[The task]
Your task is to repeat the entries exactly from their first line through the line with "(simp add: sgn_l1_def)", and to stop there.

───── Dataset entries

instance
proof
  fix x y z :: "'a l1" and a b :: real
  show "x + y + z = x + (y + z)" by transfer (simp add: add.assoc)
  show "x + y = y + x" by transfer (simp add: add.commute)
  show "0 + x = x" by transfer simp
  show "- x + x = 0" by transfer simp
  show "x - y = x + - y" by transfer simp
  show "a *\<^sub>R (x + y) = a *\<^sub>R x + a *\<^sub>R y" by transfer (simp add: algebra_simps)
  show "(a + b) *\<^sub>R x = a *\<^sub>R x + b *\<^sub>R x" by transfer (simp add: algebra_simps)
  show "a *\<^sub>R b *\<^sub>R x = (a * b) *\<^sub>R x" by transfer (simp add: algebra_simps)
  show "1 *\<^sub>R x = x" by transfer simp
  show "dist x y = norm (x - y)" by (simp add: dist_l1_def)
  show "sgn x = inverse (norm x) *\<^sub>R x" by (simp add: sgn_l1_def)
  show "uniformity = (INF e\<in>{0<..}. principal {(x, y::'a l1). dist x y < e})"
    by (simp add: uniformity_l1_def)
  show "\<And>U. open U = (\<forall>x\<in>U. \<forall>\<^sub>F (x', y) in uniformity. (x'::'a l1) = x \<longrightarrow> y \<in> U)"
    by (simp add: open_l1_def)
  show "norm x = 0 \<longleftrightarrow> x = 0"
  proof transfer
    fix g :: "'a \<Rightarrow> real"
    assume g: "g summable_on UNIV"
    show "(\<Sum>\<^sub>\<infinity>x. \<bar>g x\<bar>) = 0 \<longleftrightarrow> g = (\<lambda>_. 0)"
    proof
      assume "(\<Sum>\<^sub>\<infinity>x. \<bar>g x\<bar>) = 0"
      then have "\<bar>g x\<bar> = 0" for x
        using nonneg_infsum_le_0D[of "\<lambda>x. \<bar>g x\<bar>" UNIV x] summable_on_abs_real[OF g] by simp
      then show "g = (\<lambda>_. 0)" by auto
    qed simp
  qed
  show "norm (x + y) \<le> norm x + norm y"
  proof transfer
    fix g h :: "'a \<Rightarrow> real"
    assume g: "g summable_on UNIV" and h: "h summable_on UNIV"
    have "(\<Sum>\<^sub>\<infinity>x. \<bar>g x + h x\<bar>) \<le> (\<Sum>\<^sub>\<infinity>x. \<bar>g x\<bar> + \<bar>h x\<bar>)"
      by (rule infsum_mono)
        (auto intro!: summable_on_abs_real summable_on_add g h simp: abs_triangle_ineq)
    also have "\<dots> = (\<Sum>\<^sub>\<infinity>x. \<bar>g x\<bar>) + (\<Sum>\<^sub>\<infinity>x. \<bar>h x\<bar>)"
      by (rule infsum_add) (auto intro!: summable_on_abs_real g h)
    finally show "(\<Sum>\<^sub>\<infinity>x. \<bar>g x + h x\<bar>) \<le> (\<Sum>\<^sub>\<infinity>x. \<bar>g x\<bar>) + (\<Sum>\<^sub>\<infinity>x. \<bar>h x\<bar>)" .
  qed
  show "norm (a *\<^sub>R x) = \<bar>a\<bar> * norm x"
    by transfer (simp add: abs_mult infsum_cmult_right')
qed

end

lemma l1_fn_add: "l1_fn (g + h) x = l1_fn g x + l1_fn h x"
  by transfer simp

lemma l1_fn_diff: "l1_fn (g - h) x = l1_fn g x - l1_fn h x"
  by transfer simp

lemma l1_fn_scaleR: "l1_fn (c *\<^sub>R g) x = c * l1_fn g x"
  by transfer simp

lemma abs_l1_fn_le_norm: "\<bar>l1_fn g x\<bar> \<le> norm g"
  by transfer (rule abs_le_infsum_abs)

lemma bounded_linear_l1_fn: "bounded_linear (\<lambda>g. l1_fn g x)"
  by (rule bounded_linear_intro[of _ 1]) (auto simp: l1_fn_add l1_fn_scaleR abs_l1_fn_le_norm)

text \<open>A discrete Fatou argument: every finite partial sum of \<open>\<bar>X n - G\<bar>\<close> is a limit of the
  corresponding partial sums of \<open>\<bar>X n - X m\<bar>\<close>.\<close>
lemma l1_limit_estimate:
  fixes X :: "nat \<Rightarrow> 'a::ab_group_add l1"
  assumes Cauchy: "\<And>m. m \<ge> N \<Longrightarrow> norm (X n - X m) \<le> e"
    and lim: "\<And>x. (\<lambda>m. l1_fn (X m) x) \<longlonglongrightarrow> G x"
  shows "(\<lambda>x. \<bar>l1_fn (X n) x - G x\<bar>) summable_on UNIV"
    and "(\<Sum>\<^sub>\<infinity>x. \<bar>l1_fn (X n) x - G x\<bar>) \<le> e"
proof -
  have finite_sums: "(\<Sum>x\<in>F. \<bar>l1_fn (X n) x - G x\<bar>) \<le> e" if "finite F" for F
  proof (rule LIMSEQ_le_const2)
    show "(\<lambda>m. \<Sum>x\<in>F. \<bar>l1_fn (X n - X m) x\<bar>) \<longlonglongrightarrow> (\<Sum>x\<in>F. \<bar>l1_fn (X n) x - G x\<bar>)"
      by (simp add: l1_fn_diff) (intro tendsto_sum tendsto_rabs tendsto_diff tendsto_const lim)
    show "\<exists>N. \<forall>m\<ge>N. (\<Sum>x\<in>F. \<bar>l1_fn (X n - X m) x\<bar>) \<le> e"
    proof (intro exI allI impI)
      fix m assume "m \<ge> N"
      have "(\<Sum>x\<in>F. \<bar>l1_fn (X n - X m) x\<bar>) \<le> (\<Sum>\<^sub>\<infinity>x. \<bar>l1_fn (X n - X m) x\<bar>)"
        by (rule finite_sum_le_infsum) (auto intro: summable_on_abs_real summable_on_l1_fn \<open>finite F\<close>)
      also have "\<dots> = norm (X n - X m)"
        by transfer simp
      finally show "(\<Sum>x\<in>F. \<bar>l1_fn (X n - X m) x\<bar>) \<le> e"
        using Cauchy[OF \<open>m \<ge> N\<close>] by linarith
    qed
  qed
  show summable: "(\<lambda>x. \<bar>l1_fn (X n) x - G x\<bar>) summable_on UNIV"
    by (rule nonneg_bdd_above_summable_on) (auto intro!: bdd_aboveI2 finite_sums)
  show "(\<Sum>\<^sub>\<infinity>x. \<bar>l1_fn (X n) x - G x\<bar>) \<le> e"
    by (rule infsum_le_finite_sums[OF summable finite_sums]) auto
qed

instance l1 :: (ab_group_add) banach
proof
  fix X :: "nat \<Rightarrow> 'a l1"
  assume Cauchy: "Cauchy X"
  define G where "G x = lim (\<lambda>n. l1_fn (X n) x)" for x
  have lim: "(\<lambda>n. l1_fn (X n) x) \<longlonglongrightarrow> G x" for x
    using bounded_linear.Cauchy[OF bounded_linear_l1_fn Cauchy, of x]
    by (simp add: G_def Cauchy_convergent_iff convergent_LIMSEQ_iff)
  have tail: "\<exists>N. \<forall>n\<ge>N. (\<lambda>x. \<bar>l1_fn (X n) x - G x\<bar>) summable_on UNIV \<and>
                        (\<Sum>\<^sub>\<infinity>x. \<bar>l1_fn (X n) x - G x\<bar>) \<le> e" if "e > 0" for e
  proof -
    obtain N where "\<forall>m\<ge>N. \<forall>n\<ge>N. norm (X m - X n) < e"
      using CauchyD[OF Cauchy \<open>e > 0\<close>] by blast
    then show ?thesis
      using l1_limit_estimate[of N X _ e G, OF _ lim] by (meson less_imp_le)
  qed
  obtain N where "(\<lambda>x. \<bar>l1_fn (X N) x - G x\<bar>) summable_on UNIV"
    using tail[of 1] by auto
  from summable_on_diff[OF summable_on_l1_fn[of "X N"] summable_on_real_of_abs[OF this]]
  have "G summable_on UNIV"
    by simp
  then have dist_eq: "dist (X n) (Abs_l1 G) = (\<Sum>\<^sub>\<infinity>x. \<bar>l1_fn (X n) x - G x\<bar>)" for n
    by (simp add: dist_norm norm_l1.rep_eq l1_fn_diff l1_fn_Abs_l1)
  have "X \<longlonglongrightarrow> Abs_l1 G"
  proof (rule metric_LIMSEQ_I)
    fix e :: real
    assume "e > 0"
    then obtain M where M: "\<And>n. n \<ge> M \<Longrightarrow> (\<Sum>\<^sub>\<infinity>x. \<bar>l1_fn (X n) x - G x\<bar>) \<le> e / 2"
      using tail[of "e / 2"] by auto
    have "dist (X n) (Abs_l1 G) < e" if "n \<ge> M" for n
      using M[OF that] \<open>e > 0\<close> by (simp add: dist_eq)
    then show "\<exists>M. \<forall>n\<ge>M. dist (X n) (Abs_l1 G) < e"
      by blast
  qed
  then show "convergent X"
    by (rule convergentI)
qed

instantiation l1 :: (ab_group_add) comm_ring_1
begin

lift_definition times_l1 :: "'a l1 \<Rightarrow> 'a l1 \<Rightarrow> 'a l1" is convolution
  by (rule summable_on_convolution)

lift_definition one_l1 :: "'a l1" is unit_impulse
  by (rule summable_on_unit_impulse)

instance
proof
  fix a b c :: "'a l1"
  show "a * b * c = a * (b * c)" by transfer (auto intro!: ext convolution_assoc)
  show "a * b = b * a" by transfer (rule convolution_commute)
  show "1 * a = a" by transfer (auto intro!: ext convolution_unit_impulse_left)
  show "(a + b) * c = a * c + b * c" by transfer (auto intro!: ext convolution_add_left)
  show "(0::'a l1) \<noteq> 1" by transfer (auto simp: unit_impulse_def fun_eq_iff)
qed

end

instance l1 :: (ab_group_add) real_normed_algebra_1
proof
  fix x y :: "'a l1" and a :: real
  have scale_left: "a *\<^sub>R x * y = a *\<^sub>R (x * y)" for x y :: "'a l1"
    by transfer (auto intro!: ext convolution_scale_left)
  show "a *\<^sub>R x * y = a *\<^sub>R (x * y)" by (rule scale_left)
  show "x * a *\<^sub>R y = a *\<^sub>R (x * y)" by (metis mult.commute scale_left)
  show "norm (x * y) \<le> norm x * norm y" by transfer (rule infsum_abs_convolution_le)
  show "norm (1::'a l1) = 1" by transfer (rule infsum_abs_unit_impulse)
qed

──────────

[Completed exercise]
instance
proof
  fix x y z :: "'a l1" and a b :: real
  show "x + y + z = x + (y + z)" by transfer (simp add: add.assoc)
  show "x + y = y + x" by transfer (simp add: add.commute)
  show "0 + x = x" by transfer simp
  show "- x + x = 0" by transfer simp
  show "x - y = x + - y" by transfer simp
  show "a *\<^sub>R (x + y) = a *\<^sub>R x + a *\<^sub>R y" by transfer (simp add: algebra_simps)
  show "(a + b) *\<^sub>R x = a *\<^sub>R x + b *\<^sub>R x" by transfer (simp add: algebra_simps)
  show "a *\<^sub>R b *\<^sub>R x = (a * b) *\<^sub>R x" by transfer (simp add: algebra_simps)
  show "1 *\<^sub>R x = x" by transfer simp
  show "dist x y = norm (x - y)" by (simp add: dist_l1_def)
  show "sgn x = inverse (norm x) *\<^sub>R x" by (simp add: sgn_l1_def)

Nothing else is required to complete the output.